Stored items
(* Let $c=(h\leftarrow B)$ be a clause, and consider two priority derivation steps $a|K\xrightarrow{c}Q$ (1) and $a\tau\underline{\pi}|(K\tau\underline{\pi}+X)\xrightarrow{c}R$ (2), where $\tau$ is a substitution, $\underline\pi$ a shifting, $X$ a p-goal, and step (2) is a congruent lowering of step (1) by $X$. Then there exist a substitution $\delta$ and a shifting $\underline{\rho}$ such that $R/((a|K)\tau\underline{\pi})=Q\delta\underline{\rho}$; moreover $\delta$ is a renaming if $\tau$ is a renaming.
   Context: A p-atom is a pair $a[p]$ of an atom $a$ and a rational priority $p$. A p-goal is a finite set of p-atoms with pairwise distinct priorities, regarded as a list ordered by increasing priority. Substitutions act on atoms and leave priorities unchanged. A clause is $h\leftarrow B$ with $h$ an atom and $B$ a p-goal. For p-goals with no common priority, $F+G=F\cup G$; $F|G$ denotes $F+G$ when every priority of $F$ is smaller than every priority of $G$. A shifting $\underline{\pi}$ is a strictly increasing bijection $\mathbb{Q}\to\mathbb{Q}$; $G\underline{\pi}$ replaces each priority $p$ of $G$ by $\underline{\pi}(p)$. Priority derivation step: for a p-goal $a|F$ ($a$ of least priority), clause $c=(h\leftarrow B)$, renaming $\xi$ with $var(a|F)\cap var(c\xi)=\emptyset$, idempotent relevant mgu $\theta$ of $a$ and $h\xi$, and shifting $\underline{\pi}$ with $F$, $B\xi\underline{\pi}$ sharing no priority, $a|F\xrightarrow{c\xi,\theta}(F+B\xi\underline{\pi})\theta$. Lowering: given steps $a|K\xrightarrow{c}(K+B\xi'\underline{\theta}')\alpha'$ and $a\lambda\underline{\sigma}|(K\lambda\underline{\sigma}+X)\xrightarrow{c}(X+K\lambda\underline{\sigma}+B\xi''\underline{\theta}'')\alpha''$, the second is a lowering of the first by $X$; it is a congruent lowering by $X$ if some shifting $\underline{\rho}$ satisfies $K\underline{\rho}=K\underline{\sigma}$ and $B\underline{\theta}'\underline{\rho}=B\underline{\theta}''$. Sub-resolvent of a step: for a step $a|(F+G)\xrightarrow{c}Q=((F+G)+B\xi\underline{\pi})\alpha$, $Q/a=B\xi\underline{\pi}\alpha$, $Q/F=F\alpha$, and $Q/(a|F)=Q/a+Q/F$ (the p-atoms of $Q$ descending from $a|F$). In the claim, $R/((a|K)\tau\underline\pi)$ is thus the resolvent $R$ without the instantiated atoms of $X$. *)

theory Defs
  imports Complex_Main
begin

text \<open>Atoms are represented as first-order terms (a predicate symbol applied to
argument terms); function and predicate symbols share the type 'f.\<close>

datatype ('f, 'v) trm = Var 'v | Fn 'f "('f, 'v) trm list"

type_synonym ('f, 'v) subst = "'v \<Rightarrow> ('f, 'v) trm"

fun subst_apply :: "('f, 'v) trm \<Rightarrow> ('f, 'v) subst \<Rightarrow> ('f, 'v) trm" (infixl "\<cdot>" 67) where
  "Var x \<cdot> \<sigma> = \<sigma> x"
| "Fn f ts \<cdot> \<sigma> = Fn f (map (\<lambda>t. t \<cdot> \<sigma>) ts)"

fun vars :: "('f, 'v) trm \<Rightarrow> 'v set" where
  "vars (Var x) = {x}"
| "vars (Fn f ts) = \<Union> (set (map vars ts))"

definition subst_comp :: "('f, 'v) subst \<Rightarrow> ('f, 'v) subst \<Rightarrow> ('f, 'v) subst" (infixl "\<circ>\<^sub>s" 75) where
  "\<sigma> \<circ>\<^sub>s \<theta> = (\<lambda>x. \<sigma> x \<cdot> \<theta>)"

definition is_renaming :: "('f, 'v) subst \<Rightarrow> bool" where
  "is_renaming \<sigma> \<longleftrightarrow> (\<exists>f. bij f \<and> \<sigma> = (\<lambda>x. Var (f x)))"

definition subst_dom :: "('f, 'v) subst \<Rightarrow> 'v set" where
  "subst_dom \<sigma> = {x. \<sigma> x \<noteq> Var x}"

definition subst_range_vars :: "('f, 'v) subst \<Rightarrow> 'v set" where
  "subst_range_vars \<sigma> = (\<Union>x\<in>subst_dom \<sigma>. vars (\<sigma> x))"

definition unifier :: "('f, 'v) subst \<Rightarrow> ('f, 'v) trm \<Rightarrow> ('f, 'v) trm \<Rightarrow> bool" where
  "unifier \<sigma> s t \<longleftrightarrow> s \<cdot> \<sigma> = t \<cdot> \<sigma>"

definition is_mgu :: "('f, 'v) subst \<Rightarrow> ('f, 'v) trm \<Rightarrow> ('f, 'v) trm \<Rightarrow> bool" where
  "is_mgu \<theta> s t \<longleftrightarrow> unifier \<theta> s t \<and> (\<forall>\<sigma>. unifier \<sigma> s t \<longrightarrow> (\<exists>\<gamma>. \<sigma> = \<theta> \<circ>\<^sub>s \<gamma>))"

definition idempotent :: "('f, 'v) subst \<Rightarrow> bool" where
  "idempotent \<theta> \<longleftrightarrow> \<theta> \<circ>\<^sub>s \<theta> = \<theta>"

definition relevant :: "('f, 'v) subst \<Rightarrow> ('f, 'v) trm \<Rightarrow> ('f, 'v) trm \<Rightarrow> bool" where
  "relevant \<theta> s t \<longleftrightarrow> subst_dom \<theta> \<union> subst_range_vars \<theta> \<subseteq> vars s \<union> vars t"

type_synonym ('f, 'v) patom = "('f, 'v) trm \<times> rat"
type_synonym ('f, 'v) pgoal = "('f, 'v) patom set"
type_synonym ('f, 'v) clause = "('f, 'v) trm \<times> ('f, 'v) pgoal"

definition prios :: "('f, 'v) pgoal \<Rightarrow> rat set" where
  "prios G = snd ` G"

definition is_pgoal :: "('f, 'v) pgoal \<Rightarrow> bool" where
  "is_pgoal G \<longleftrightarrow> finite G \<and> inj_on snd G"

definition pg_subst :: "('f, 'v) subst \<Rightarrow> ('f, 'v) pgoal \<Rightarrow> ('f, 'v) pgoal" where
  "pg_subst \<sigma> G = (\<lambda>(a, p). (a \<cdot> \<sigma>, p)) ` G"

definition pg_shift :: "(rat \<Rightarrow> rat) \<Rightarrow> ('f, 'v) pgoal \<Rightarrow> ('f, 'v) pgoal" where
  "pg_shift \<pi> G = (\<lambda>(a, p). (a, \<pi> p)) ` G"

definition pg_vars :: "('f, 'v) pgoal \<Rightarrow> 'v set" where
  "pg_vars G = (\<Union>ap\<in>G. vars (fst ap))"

DIRECTIONS -
Note every line above where the string "exists" shows up, and copy those lines.

EXPECTED ANSWER -
  "is_renaming \<sigma> \<longleftrightarrow> (\<exists>f. bij f \<and> \<sigma> = (\<lambda>x. Var (f x)))"
  "is_mgu \<theta> s t \<longleftrightarrow> unifier \<theta> s t \<and> (\<forall>\<sigma>. unifier \<sigma> s t \<longrightarrow> (\<exists>\<gamma>. \<sigma> = \<theta> \<circ>\<^sub>s \<gamma>))"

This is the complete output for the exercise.